▶ [DATA PROVIDED]:
--

definition reach :: "('v \<times> 'b) set set \<Rightarrow> 'v set \<Rightarrow> 'v set \<Rightarrow> 'v set" where
  "reach \<Phi> S U = {w. \<exists>u\<in>U. (adj_in \<Phi> S)\<^sup>*\<^sup>* u w}"

lemma adj_sym: "adj \<Phi> a b \<Longrightarrow> adj \<Phi> b a"
  unfolding adj_def by blast

lemma adj_in_star_mem: "(adj_in \<Phi> S)\<^sup>*\<^sup>* u w \<Longrightarrow> w = u \<or> w \<in> S"
  by (induction rule: rtranclp_induct) (auto simp: adj_in_def)

lemma reach_subset: "reach \<Phi> S U \<subseteq> U \<union> S"
  unfolding reach_def by (blast dest: adj_in_star_mem)

lemma reach_empty [simp]: "reach \<Phi> S {} = {}"
  unfolding reach_def by auto

lemma reach_cong:
  assumes "\<And>a b. a \<in> S \<Longrightarrow> b \<in> S \<Longrightarrow> adj \<Phi> a b = adj \<Phi>' a b"
  shows "reach \<Phi> S W = reach \<Phi>' S W"
proof -
  have "adj_in \<Phi> S = adj_in \<Phi>' S" using assms by (auto simp: adj_in_def fun_eq_iff)
  then show ?thesis by (simp add: reach_def)
qed

text \<open>The two inclusions are proved
  separately: a path from U either stays away from u or can be restarted at a neighbour of u;
  conversely paths avoiding u are paths.\<close>
lemma reach_unfold_subset:
  assumes u: "u \<in> U"
  shows "reach \<Phi> S U \<subseteq> insert u (reach \<Phi> (S - {u}) ((U - {u}) \<union> {w\<in>S - {u}. adj \<Phi> u w}))"
    (is "_ \<subseteq> insert u (reach \<Phi> ?S' ?W)")
proof
  fix w assume "w \<in> reach \<Phi> S U"
  then obtain u0 where u0: "u0 \<in> U" "(adj_in \<Phi> S)\<^sup>*\<^sup>* u0 w" unfolding reach_def by blast
  from u0(2) show "w \<in> insert u (reach \<Phi> ?S' ?W)"
  proof (induction rule: rtranclp_induct)
    case base
    then show ?case using u0(1) by (cases "u0 = u") (auto simp: reach_def)
  next
    case (step y z)
    consider "z = u" | "z \<noteq> u" "y = u" | "z \<noteq> u" "y \<noteq> u" by blast
    then show ?case
    proof cases
      case 2
      then have "z \<in> ?W" using step(2) by (auto simp: adj_in_def)
      then show ?thesis by (auto simp: reach_def)
    next
      case 3
      with step(3) obtain u1 where "u1 \<in> ?W" "(adj_in \<Phi> ?S')\<^sup>*\<^sup>* u1 y" by (auto simp: reach_def)
      moreover have "adj_in \<Phi> ?S' y z" using step(2) 3 by (auto simp: adj_in_def)
      ultimately show ?thesis by (auto simp: reach_def intro: rtranclp.rtrancl_into_rtrancl)
    qed simp
  qed
qed

lemma reach_unfold_supset:
  assumes u: "u \<in> U" and US: "U \<subseteq> S"
  shows "insert u (reach \<Phi> (S - {u}) ((U - {u}) \<union> {w\<in>S - {u}. adj \<Phi> u w})) \<subseteq> reach \<Phi> S U"
    (is "insert u (reach \<Phi> ?S' ?W) \<subseteq> _")
proof
  have lift: "(adj_in \<Phi> S)\<^sup>*\<^sup>* a b" if "(adj_in \<Phi> ?S')\<^sup>*\<^sup>* a b" for a b
    using that by (induction rule: rtranclp_induct)
      (auto simp: adj_in_def intro: rtranclp.rtrancl_into_rtrancl)
  fix w assume "w \<in> insert u (reach \<Phi> ?S' ?W)"
  then consider "w = u" | u1 where "u1 \<in> ?W" "(adj_in \<Phi> ?S')\<^sup>*\<^sup>* u1 w"
    unfolding reach_def by blast
  then show "w \<in> reach \<Phi> S U"
  proof cases
    case 1
    then show ?thesis using u by (auto simp: reach_def)
  next
    case 2
    then have path: "(adj_in \<Phi> S)\<^sup>*\<^sup>* u1 w" by (intro lift)
    show ?thesis
    proof (cases "u1 \<in> U")
      case True
      then show ?thesis using path by (auto simp: reach_def)
    next
      case False
      then have "adj_in \<Phi> S u u1" using 2(1) u US by (auto simp: adj_in_def)
      then have "(adj_in \<Phi> S)\<^sup>*\<^sup>* u w" using path by (rule converse_rtranclp_into_rtranclp)
      then show ?thesis using u by (auto simp: reach_def)
    qed
  qed
qed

--

▶ [EXERCISE DIRECTIONS]: Look above and repeat, character for character, the lines from the first one to the line with "then obtain u0", counting both.

▶ [RESULT]:
definition reach :: "('v \<times> 'b) set set \<Rightarrow> 'v set \<Rightarrow> 'v set \<Rightarrow> 'v set" where
  "reach \<Phi> S U = {w. \<exists>u\<in>U. (adj_in \<Phi> S)\<^sup>*\<^sup>* u w}"

lemma adj_sym: "adj \<Phi> a b \<Longrightarrow> adj \<Phi> b a"
  unfolding adj_def by blast

lemma adj_in_star_mem: "(adj_in \<Phi> S)\<^sup>*\<^sup>* u w \<Longrightarrow> w = u \<or> w \<in> S"
  by (induction rule: rtranclp_induct) (auto simp: adj_in_def)

lemma reach_subset: "reach \<Phi> S U \<subseteq> U \<union> S"
  unfolding reach_def by (blast dest: adj_in_star_mem)

lemma reach_empty [simp]: "reach \<Phi> S {} = {}"
  unfolding reach_def by auto

lemma reach_cong:
  assumes "\<And>a b. a \<in> S \<Longrightarrow> b \<in> S \<Longrightarrow> adj \<Phi> a b = adj \<Phi>' a b"
  shows "reach \<Phi> S W = reach \<Phi>' S W"
proof -
  have "adj_in \<Phi> S = adj_in \<Phi>' S" using assms by (auto simp: adj_in_def fun_eq_iff)
  then show ?thesis by (simp add: reach_def)
qed

text \<open>The two inclusions are proved
  separately: a path from U either stays away from u or can be restarted at a neighbour of u;
  conversely paths avoiding u are paths.\<close>
lemma reach_unfold_subset:
  assumes u: "u \<in> U"
  shows "reach \<Phi> S U \<subseteq> insert u (reach \<Phi> (S - {u}) ((U - {u}) \<union> {w\<in>S - {u}. adj \<Phi> u w}))"
    (is "_ \<subseteq> insert u (reach \<Phi> ?S' ?W)")
proof
  fix w assume "w \<in> reach \<Phi> S U"
  then obtain u0 where u0: "u0 \<in> U" "(adj_in \<Phi> S)\<^sup>*\<^sup>* u0 w" unfolding reach_def by blast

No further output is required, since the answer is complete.